Through a two-tailed stats test, we now know that we can accept the hypothesis that there is a difference between average damage and wins, meaning that average damage alone is not the way to predict wins. We can add this to our features in machine learning however it cannot be the sole feature.

# **Machine Learning**

In [None]:
from sklearn.impute import SimpleImputer
from imblearn.over_sampling import SMOTE
from sklearn.preprocessing import StandardScaler
from sklearn.model_selection import train_test_split

# # making sure the 'outcome' column is kept in the final dataset
df_encoded = pd.get_dummies(df.drop(columns=['outcome']), drop_first=True)  # One-Hot Encoding for categorical columns
df_encoded['outcome'] = df['outcome']  # Add 'outcome' column back

# # separate features and target
X = df_encoded.drop(columns=['outcome'])  # Features (independent variables)
y = df_encoded['outcome']  # Target variable (dependent)

# # splitting data
X_train, X_test, y_train, y_test = train_test_split(X, y, test_size=0.2, random_state=42)
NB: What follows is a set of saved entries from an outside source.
lemma commute_le_unit: "a \<le> e \<Longrightarrow> b \<le> e \<Longrightarrow> a \<odot> b = b \<odot> a"
  using commute_if_le[of a b] commute_if_le[of b a] by (cases "a \<le> b") auto

context
  fixes \<phi> :: ennreal
  assumes finite_set_eq: "pm_finite_set m = {0..<\<phi>}"
begin

lemma O_eq_0_iff_less_bound: "\<O> t = 0 \<longleftrightarrow> t < \<phi>"
  using finite_set_eq by (auto simp: pm_finite_set_def set_eq_iff)

lemma bound_pos: "0 < \<phi>"
  using O_eq_0_iff_less_bound[of 0] by simp

lemma O_bound: "\<O> \<phi> = \<phi>"
proof (rule antisym)
  show "\<phi> \<le> \<O> \<phi>"
  proof (rule ccontr)
    assume "\<not> \<phi> \<le> \<O> \<phi>"
    then obtain s where s: "0 < s" "s \<odot> \<phi> < \<phi>"
      unfolding pm_O_def by (auto simp: not_le INF_less_iff)
    have "s < e"
    proof (rule ccontr)
      assume "\<not> s < e"
      then have "e \<odot> \<phi> \<le> s \<odot> \<phi>" by (intro mult_mono_left) simp
      then show False using s(2) by simp
    qed
    then have "\<O> \<phi> = \<O> (s \<odot> \<phi>)"
      using s(1) by (simp add: O_mult_finite_left O_eq_0_if_le_unit)
    also have "\<dots> = 0" using s(2) O_eq_0_iff_less_bound by blast
    finally show False using O_eq_0_iff_less_bound by simp
  qed
qed (rule O_le)

lemma mult_bound_of_less:
  assumes "0 < t" "t < \<phi>"
  shows "t \<odot> \<phi> = \<phi>"
proof (rule antisym)
  have "t \<odot> \<phi> = (SUP u\<in>{..<\<phi>}. t \<odot> u)"
    using mult_Sup[of "{..<\<phi>}" t] bound_pos assms less_le_trans[OF assms(2) top_greatest]
    by (auto simp: lessThan_empty_iff)
  also have "\<dots> \<le> \<phi>"
  proof (rule SUP_least)
    fix u assume "u \<in> {..<\<phi>}"
    then have "\<O> (t \<odot> u) = 0"
      using assms(2) O_mult_eq_0 O_eq_0_iff_less_bound by simp
    then show "t \<odot> u \<le> \<phi>" using O_eq_0_iff_less_bound by (simp add: less_imp_le)
  qed
  finally show "t \<odot> \<phi> \<le> \<phi>" .
  show "\<phi> \<le> t \<odot> \<phi>" using O_le_mult[OF assms(1), of \<phi>] O_bound by simp
qed

lemma bound_mult_bound: "\<phi> \<odot> \<phi> = \<phi>"
proof (rule antisym)
  have "\<phi> \<odot> \<phi> = (SUP u\<in>{0<..<\<phi>}. u \<odot> \<phi>)"
    using Sup_mult[of "{0<..<\<phi>}" \<phi>] bound_pos by (simp add: dense)
  also have "\<dots> = \<phi>"
    using bound_pos by (simp add: mult_bound_of_less dense)
  finally show "\<phi> \<odot> \<phi> \<le> \<phi>" by simp
  show "\<phi> \<le> \<phi> \<odot> \<phi>" using O_le_mult[OF bound_pos, of \<phi>] O_bound by simp
qed

lemma mult_bound: "0 < t \<Longrightarrow> t \<le> \<phi> \<Longrightarrow> t \<odot> \<phi> = \<phi>"
  using mult_bound_of_less bound_mult_bound by (cases "t = \<phi>") auto

lemma bound_mult:
  assumes "0 < t" "t \<le> \<phi>"
  shows "\<phi> \<odot> t = \<phi>"
proof (rule antisym)
  show "\<phi> \<odot> t \<le> \<phi>" using mult_mono_right[OF assms(2), of \<phi>] bound_mult_bound by simp
  have "\<O> (\<phi> \<odot> t) = \<phi> \<odot> t"
    using O_mult_infinite_left[of \<phi> t] O_bound bound_pos by simp
  moreover have "0 < \<phi> \<odot> t" using bound_pos assms(1) by (rule mult_pos)
  ultimately show "\<phi> \<le> \<phi> \<odot> t" using O_eq_0_iff_less_bound[of "\<phi> \<odot> t"] by (metis not_le less_irrefl)
qed

end

end

context pseudo_multiplication
begin

lemma nondegenerate_iff_ex_pos_finite: "pm_nondegenerate m e \<longleftrightarrow> (\<exists>t>0. t \<in> pm_finite_set m)"
  using unit_pos degenerate_O_pos
  by (auto simp: pm_nondegenerate_def pm_finite_set_def zero_less_iff_neq_zero)

lemma nondegenerate_iff_commute:
  "pm_nondegenerate m e \<longleftrightarrow> (\<forall>a\<in>{0..e}. \<forall>b\<in>{0..e}. a \<odot> b = b \<odot> a)"
proof
  assume "pm_nondegenerate m e"
  then interpret nondegenerate_pseudo_multiplication m e by unfold_locales
  show "\<forall>a\<in>{0..e}. \<forall>b\<in>{0..e}. a \<odot> b = b \<odot> a" using commute_le_unit by simp
qed (use degenerate_not_commute in \<open>auto simp: pm_nondegenerate_def zero_less_iff_neq_zero\<close>)

lemma nondegenerate_iff_finite_set_cases:
  "pm_nondegenerate m e \<longleftrightarrow> pm_finite_set m = UNIV \<or> (\<exists>\<phi>>e. pm_finite_set m = {0..<\<phi>})"
proof
  assume "pm_nondegenerate m e"
  then interpret nondegenerate_pseudo_multiplication m e by unfold_locales
  show "pm_finite_set m = UNIV \<or> (\<exists>\<phi>>e. pm_finite_set m = {0..<\<phi>})" by (rule finite_set_cases)
qed (auto simp: pm_nondegenerate_def pm_finite_set_def set_eq_iff)

lemma finite_bound_absorbing:
  assumes "pm_finite_set m = {0..<\<phi>}"
  shows "\<O> \<phi> = \<phi> \<and> (\<forall>t. 0 < t \<and> t \<le> \<phi> \<longrightarrow> t \<odot> \<phi> = \<phi> \<and> \<phi> \<odot> t = \<phi>) \<and> \<phi> \<odot> \<phi> = \<phi>"
proof -
  have "0 \<in> pm_finite_set m" by (simp add: pm_finite_set_def)
  then have "0 < \<phi>" using assms by simp
  then obtain t where "0 < t" "t < \<phi>" using dense by blast
  then have "pm_nondegenerate m e" using assms by (auto simp: nondegenerate_iff_ex_pos_finite)
  then interpret nondegenerate_pseudo_multiplication m e by unfold_locales
  show ?thesis using O_bound mult_bound bound_mult bound_mult_bound assms by blast
qed

end

theorem theorem2p8:
  fixes m :: "ennreal \<Rightarrow> ennreal \<Rightarrow> ennreal" and e :: ennreal
  assumes pm: "pseudo_mult m e"
  shows "(pm_nondegenerate m e \<longleftrightarrow> (\<exists>t>0. t \<in> pm_finite_set m))
       \<and> (pm_nondegenerate m e \<longleftrightarrow> (\<forall>a\<in>{0..e}. \<forall>b\<in>{0..e}. m a b = m b a))
       \<and> (pm_nondegenerate m e \<longleftrightarrow>
            (pm_finite_set m = UNIV \<or> (\<exists>\<phi>. e < \<phi> \<and> pm_finite_set m = {0..<\<phi>})))
       \<and> (\<forall>\<phi>. pm_finite_set m = {0..<\<phi>} \<longrightarrow>
            pm_O m \<phi> = \<phi> \<and> (\<forall>t. 0 < t \<and> t \<le> \<phi> \<longrightarrow> m t \<phi> = \<phi> \<and> m \<phi> t = \<phi>) \<and> m \<phi> \<phi> = \<phi>)"
proof -
  interpret pseudo_multiplication m e by (rule pseudo_multiplication.intro) (fact pm)
  show ?thesis
    using nondegenerate_iff_ex_pos_finite nondegenerate_iff_commute
      nondegenerate_iff_finite_set_cases finite_bound_absorbing
    by blast
qed

end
# # # handling missing values
imputer = SimpleImputer(strategy='mean')  # Using 'mean' to fill NaN values
X_train_imputed = imputer.fit_transform(X_train)
X_test_imputed = imputer.transform(X_test)

# # applying StandardScaler to numerical columns only
scaler = StandardScaler()
X_train_scaled = scaler.fit_transform(X_train_imputed)
X_test_scaled = scaler.transform(X_test_imputed)

# # training a Logistic Regression model
from sklearn.linear_model import LogisticRegression
model = LogisticRegression(class_weight='balanced', C=0.1, penalty='l1', solver='liblinear', max_iter=1000)
model.fit(X_train_scaled, y_train)

# # predicting and evaluating the model
from sklearn.metrics import classification_report
y_pred = model.predict(X_test_scaled)
accuracy = accuracy_score(y_test, y_pred)
print(f"Accuracy: {accuracy:.4f}")
print(classification_report(y_test, y_pred , zero_division = 1))



In [None]:
# evaluating the model
conf_matrix = confusion_matrix(y_test, y_pred)

# printing evaluation results
print("Confusion Matrix:")
print(conf_matrix)


Here we have created a model that is 99% accurate at predicting the outcome of a match based on KDR, damage, headshot percentage, agent, and map. It is able to predict wins 100% of the time and able to predict losses 97% of the time. It does not accurately predict Draws at all because of the low frequency of draws within the dataset. 

Through EDA we discovered that the player's best map was Ascent, with a 15.5% win rate across all maps in the game. His best agent by far is Cypher with a 51% win rate overall, hwoever he used Kay/O to climb out of Silver, which was his lowest rank. His highest rank, where he collected the most wins with Cypher, was Ascendant 2. Due to his highest rank being Ascendant 2, the model can only predict outcomes of games up to that, which is one of the limitations the data provided. The other limitation is predicting Draws, because of the low frequency of draws within the data. there are 24 rounds within a single game of Valorant and the first team to win 13 rounds wins, so the probability of getting a draw is relatively low, so low that draws do not affect predictions or the dataset as a whole. Statistical data analysis showed that there is a weak correlationbetween damage output and the outcome of match, meaning that the player could do a lot of damage but still lose the game showing that outcome can be affected by things that the data cannot track like team synergy and tactical strategy.